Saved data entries
__________________________________________________

lemma stretch_limited_continuous:
  assumes "stretch_limited N0 N1 \<nu>0 \<nu>1 \<nu>"
  shows "continuous_on UNIV \<nu>"
proof -
  from assms have "N0 < N1" and below: "\<forall>N\<le>N0. \<nu> N = \<nu>0" and above: "\<forall>N\<ge>N1. \<nu> N = \<nu>1"
    unfolding stretch_limited_def by auto
  have "continuous_on ({..N0} \<union> {N0..N1} \<union> {N1..}) \<nu>"
  proof (intro continuous_on_closed_Un)
    have "continuous_on {..N0} \<nu> \<longleftrightarrow> continuous_on {..N0} (\<lambda>_. \<nu>0)"
      using below by (intro continuous_on_cong) auto
    then show "continuous_on {..N0} \<nu>" by simp
    have "continuous_on {N1..} \<nu> \<longleftrightarrow> continuous_on {N1..} (\<lambda>_. \<nu>1)"
      using above by (intro continuous_on_cong) auto
    then show "continuous_on {N1..} \<nu>" by simp
  qed (use stretch_limited_on_transition(1)[OF assms] in auto)
  moreover have "{..N0} \<union> {N0..N1} \<union> {N1..} = (UNIV :: real set)"
    using \<open>N0 < N1\<close> by auto
  ultimately show ?thesis by simp
qed

lemma stretch_limited_mono:
  assumes "stretch_limited N0 N1 \<nu>0 \<nu>1 \<nu>"
  shows "mono \<nu>"
proof
  from assms have range: "\<forall>N. \<nu>0 \<le> \<nu> N \<and> \<nu> N \<le> \<nu>1"
    and below: "\<forall>N\<le>N0. \<nu> N = \<nu>0" and above: "\<forall>N\<ge>N1. \<nu> N = \<nu>1"
    unfolding stretch_limited_def by auto
  fix x y :: real assume "x \<le> y"
  consider "x \<le> N0" | "N1 \<le> y" | "N0 \<le> x" "y \<le> N1" by linarith
  then show "\<nu> x \<le> \<nu> y"
  proof cases
    case 3
    then show ?thesis
      using stretch_limited_on_transition(2)[OF assms] \<open>x \<le> y\<close> by (auto elim!: mono_onD)
  qed (use range below above in auto)
qed

lemma divide_sqrt_less_divide_sqrt:
  fixes u v P R :: real
  assumes "0 \<le> u" "0 < v" "0 < P" "0 < R" "u\<^sup>2 * R < v\<^sup>2 * P"
  shows "u / sqrt P < v / sqrt R"
proof -
  have "sqrt (u\<^sup>2 * R) < sqrt (v\<^sup>2 * P)" using assms(5) by simp
  then have "u * sqrt R < v * sqrt P" using assms by (simp add: real_sqrt_mult)
  then show ?thesis using assms by (simp add: field_simps)
qed

lemma strict_mono_vertical_stretch:
  fixes \<nu> :: "real \<Rightarrow> real" and lam :: real
  assumes "mono \<nu>" and pos: "\<And>N. \<nu> N > 0" and "lam \<noteq> 0"
  shows "strict_mono (\<lambda>t. \<nu> (sqrt (lam\<^sup>2 + t\<^sup>2)) / sqrt (lam\<^sup>2 + t\<^sup>2) * t)"
proof -
  define \<phi> where "\<phi> = (\<lambda>t. \<nu> (sqrt (lam\<^sup>2 + t\<^sup>2)) / sqrt (lam\<^sup>2 + t\<^sup>2) * t)"
  have lam2: "lam\<^sup>2 > 0" using \<open>lam \<noteq> 0\<close> by simp
  have odd: "\<phi> (-t) = - \<phi> t" for t unfolding \<phi>_def by simp
  have pos_\<phi>: "\<phi> t > 0" if "t > 0" for t
    using that pos[of "sqrt (lam\<^sup>2 + t\<^sup>2)"] lam2 unfolding \<phi>_def by (simp add: add_pos_nonneg)
  have nonneg_less: "\<phi> y < \<phi> x" if "0 \<le> y" "y < x" for x y
  proof -
    have "y\<^sup>2 < x\<^sup>2" using that by (simp add: power_strict_mono)
    then have "\<nu> (sqrt (lam\<^sup>2 + y\<^sup>2)) \<le> \<nu> (sqrt (lam\<^sup>2 + x\<^sup>2))"
      by (intro monoD[OF \<open>mono \<nu>\<close>]) simp
    moreover have "y / sqrt (lam\<^sup>2 + y\<^sup>2) < x / sqrt (lam\<^sup>2 + x\<^sup>2)"
      using that lam2 \<open>y\<^sup>2 < x\<^sup>2\<close>
      by (intro divide_sqrt_less_divide_sqrt) (auto simp: algebra_simps add_pos_nonneg)
    ultimately have "\<nu> (sqrt (lam\<^sup>2 + y\<^sup>2)) * (y / sqrt (lam\<^sup>2 + y\<^sup>2))
        < \<nu> (sqrt (lam\<^sup>2 + x\<^sup>2)) * (x / sqrt (lam\<^sup>2 + x\<^sup>2))"
      using that pos by (intro mult_le_less_imp_less) auto
    then show ?thesis unfolding \<phi>_def by simp
  qed
  have "strict_mono \<phi>"
  proof (rule strict_monoI)
    fix q p :: real assume "q < p"
    consider "0 \<le> q" | "p \<le> 0" | "q < 0" "0 < p" by linarith
    then show "\<phi> q < \<phi> p"
    proof cases
      case 2
      then have "\<phi> (-p) < \<phi> (-q)" using nonneg_less \<open>q < p\<close> by auto
      then show ?thesis unfolding odd by simp
    next
      case 3
      then have "\<phi> (-q) > 0" "\<phi> p > 0" using pos_\<phi> by auto
      then show ?thesis unfolding odd by simp
    qed (use nonneg_less \<open>q < p\<close> in auto)
  qed
  then show ?thesis unfolding \<phi>_def .
qed
section \<open>The polar transform is an involution\<close>

text \<open>Keep ring arithmetic on \<^typ>\<open>bit\<close> instead of rewriting it to \<open>and\<close>/\<open>xor\<close>.\<close>
declare mult_bit_eq_and[simp del] add_bit_eq_xor[simp del]

text \<open>Kept separate from \<^const>\<open>of_bool\<close> so that the simplifier does not turn sums of
  matrix entries into cardinalities.\<close>
definition polarG_bit :: "nat \<Rightarrow> nat \<Rightarrow> nat \<Rightarrow> bit" where
  "polarG_bit n i j = of_bool (polarG n i j)"

lemma of_nat_bit: "(of_nat m :: bit) = of_bool (odd m)"
  by (induction m) auto

lemma sum_lessThan_double:
  fixes f :: "nat \<Rightarrow> 'a::comm_monoid_add"
  shows "(\<Sum>j<m + m. f j) = (\<Sum>j<m. f j) + (\<Sum>j<m. f (j + m))"
  by (simp add: atLeast0LessThan[symmetric] sum.atLeastLessThan_concat[of 0 m "m + m", symmetric]
      sum.shift_bounds_nat_ivl[of f 0 m m, simplified])

lemma polarG_Suc_low:
  assumes "j < 2^n"
  shows "polarG (Suc n) i j = polarG n (i mod 2^n) j"
    and "polarG (Suc n) j k = (k div 2^n = 0 \<and> polarG n j (k mod 2^n))"
  using assms by (auto simp: kern_F_def)

lemma polarG_Suc_high:
  assumes "j < 2^n"
  shows "polarG (Suc n) i (j + 2^n) = (1 \<le> i div 2^n \<and> polarG n (i mod 2^n) j)"
    and "k < 2^Suc n \<Longrightarrow> polarG (Suc n) (j + 2^n) k = polarG n j (k mod 2^n)"
proof -
  show "polarG (Suc n) i (j + 2^n) = (1 \<le> i div 2^n \<and> polarG n (i mod 2^n) j)"
    using assms by (simp add: kern_F_def)
  assume "k < 2^Suc n"
  then have "k div 2^n < 2" by (simp add: less_mult_imp_div_less mult.commute)
  then show "polarG (Suc n) (j + 2^n) k = polarG n j (k mod 2^n)"
    using assms by (simp add: kern_F_def)
qed
(* Let $F\subseteq\omega$ be a $\Pi^1_1$ set. Then there exists a computable function $g$ such that for every $p\in\omega$, $g(p)$ is an $\iota$-index of a c.e. effective quasi-Polish space $X=\iota(g(p))$ such that $X$ is metrizable if $p\in F$, and $X$ is not $T_1$ if $p\notin F$.
   Context: Let $(W_n)$ be a standard numbering of c.e. subsets of $\omega$, $V_n=\{(i,j)\mid\langle i,j\rangle\in W_n\}$, and $t$ a computable function with $V_{t(n)}$ the transitive closure of $V_n$. For a transitive relation $\prec$ on $\omega$, an ideal is a non-empty lower, directed subset of $\omega$; $\mathcal{I}(\prec)$ is the space of ideals with topology generated by $[k]_\prec=\{I\mid k\in I\}$, an effective space with basic opens numbered by $k$. The numbering $\iota$ is defined by $\iota(n)=\mathcal{I}(V_{t(n)})$; an $\iota$-index of $X$ is an $n$ with $X=\iota(n)$. Every $\iota(n)$ is an effective quasi-Polish space; it is c.e. (overt) if $\{k\mid[k]_{V_{t(n)}}\neq\emptyset\}$ is c.e. *)

theory Defs
  imports "HOL-Analysis.Analysis" "HOL-Library.Nat_Bijection"
begin

datatype recf =
    Zr
  | Sc
  | Proj nat
  | Comp recf "recf list"
  | Prim recf recf
  | Mn recf
lemma integral_Max_norm_minus_gauss_row_le:
  fixes F :: "(real ^ 'q::finite) set"
  assumes F: "finite F" "F \<noteq> {}"
  shows "(\<integral>w. Max ((\<lambda>v. sqrt (2 / pi) * norm v - (\<Sum>i\<in>UNIV. \<bar>gauss_row w False i v\<bar>) / real CARD('n)) ` F)
            \<partial>std_gaussian (UNIV :: (('n::finite \<times> 'q) \<times> bool) set))
       \<le> (\<integral>w. Max ((\<lambda>v. \<Sum>i\<in>UNIV. \<bar>gauss_row w True i v\<bar> - \<bar>gauss_row w False i v\<bar>) ` F)
            \<partial>std_gaussian (UNIV :: (('n \<times> 'q) \<times> bool) set)) / real CARD('n)"
proof -
  let ?n = "real CARD('n)"
  define I where "I = {k :: ('n \<times> 'q) \<times> bool. \<not> snd k}"
  define J where "J = {k :: ('n \<times> 'q) \<times> bool. snd k}"
  have IJ: "I \<union> J = UNIV" "I \<inter> J = {}" "finite I" "finite J" by (auto simp: I_def J_def)
  define g where "g w = Max ((\<lambda>v. sqrt (2 / pi) * norm v - (\<Sum>i\<in>UNIV. \<bar>gauss_row w False i v\<bar>) / ?n) ` F)"
    for w :: "('n \<times> 'q) \<times> bool \<Rightarrow> real"
  define f where "f w = Max ((\<lambda>v. (\<Sum>i\<in>UNIV. \<bar>gauss_row w True i v\<bar> - \<bar>gauss_row w False i v\<bar>) / ?n) ` F)"
    for w :: "('n \<times> 'q) \<times> bool \<Rightarrow> real"
  interpret G: product_sigma_finite "\<lambda>_ :: ('n \<times> 'q) \<times> bool. std_normal"
    by (simp add: product_sigma_finite_def prob_space_imp_sigma_finite)
  interpret PJ: prob_space "std_gaussian J" by simp
  interpret PU: prob_space "std_gaussian (UNIV :: (('n \<times> 'q) \<times> bool) set)" by simp
  \<comment> \<open>Averaging over the second matrix turns \<open>sqrt (2 / pi) * norm v\<close> into \<open>\<bar>gauss_row w True i v\<bar>\<close>; then
     the maximum of averages is at most the average of the maximum.\<close>
  have "integral\<^sup>L (std_gaussian (I \<union> J)) g \<le> integral\<^sup>L (std_gaussian (I \<union> J)) f"
  proof (rule G.product_integral_mono_fibrewise[OF IJ(2-4)])
    show "integrable (std_gaussian (I \<union> J)) f" "integrable (std_gaussian (I \<union> J)) g"
      unfolding f_def g_def IJ(1)
      by (intro integrable_Max_image F integrable_diff integrable_divide Bochner_Integration.integrable_sum
          integrable_abs integrable_gauss_row PU.integrable_const; simp)+
    fix x
    have merge: "gauss_row (merge I J (x, y)) b i v = (if b then gauss_row y b i v else gauss_row x b i v)"
      for y b i v by (simp add: gauss_row_def merge_def I_def J_def)
    have Y: "integrable (std_gaussian J) (\<lambda>y. \<bar>gauss_row y True i v\<bar>)"
      "(\<integral>y. \<bar>gauss_row y True i v\<bar> \<partial>std_gaussian J) = norm v * sqrt (2 / pi)" for i v
      unfolding J_def by (rule integrable_abs_gauss_row integral_abs_gauss_row)+
    have "(\<integral>y. g (merge I J (x, y)) \<partial>std_gaussian J)
        = Max ((\<lambda>v. \<integral>y. (\<Sum>i\<in>UNIV. \<bar>gauss_row y True i v\<bar> - \<bar>gauss_row x False i v\<bar>) / ?n
                   \<partial>std_gaussian J) ` F)"
      using Y by (simp add: g_def merge PJ.prob_space Bochner_Integration.integral_sum integral_diff
          sum_subtractf diff_divide_distrib mult.commute)
    also have "\<dots> \<le> (\<integral>y. Max ((\<lambda>v. (\<Sum>i\<in>UNIV. \<bar>gauss_row y True i v\<bar> - \<bar>gauss_row x False i v\<bar>) / ?n) ` F)
        \<partial>std_gaussian J)"
      by (intro PJ.Max_integral_le_integral_Max F integrable_divide Bochner_Integration.integrable_sum)
         (auto intro!: Y(1) PJ.integrable_const)
    also have "\<dots> = (\<integral>y. f (merge I J (x, y)) \<partial>std_gaussian J)"
      by (simp add: f_def merge)
    finally show "(\<integral>y. g (merge I J (x, y)) \<partial>std_gaussian J) \<le> (\<integral>y. f (merge I J (x, y)) \<partial>std_gaussian J)" .
  qed
  moreover have "integral\<^sup>L (std_gaussian UNIV) f
      = (\<integral>w. Max ((\<lambda>v. \<Sum>i\<in>UNIV. \<bar>gauss_row w True i v\<bar> - \<bar>gauss_row w False i v\<bar>) ` F)
            \<partial>std_gaussian (UNIV :: (('n \<times> 'q) \<times> bool) set)) / ?n"
    using Max_image_cmult[OF F, of "1 / ?n"] by (simp add: f_def[abs_def])
  ultimately show ?thesis
    by (simp add: IJ(1) g_def[abs_def])
qed

definition swap_rows :: "('n \<Rightarrow> bool) \<Rightarrow> ('n \<times> 'q) \<times> bool \<Rightarrow> ('n \<times> 'q) \<times> bool" where
  "swap_rows s k = (fst k, snd k \<noteq> s (fst (fst k)))"

lemma inj_swap_rows: "inj (swap_rows s)"
  by (auto simp: inj_def swap_rows_def prod_eq_iff)

lemma gauss_row_swap_rows:
  "gauss_row (\<lambda>k. w (swap_rows s k)) b i v = gauss_row w (b \<noteq> s i) i v"
  by (simp add: gauss_row_def swap_rows_def)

__________________________________________________

■ Exercise description: How many lines in the records contain the word "forall"? Answer with the number alone.

■ Solution to the exercise: 3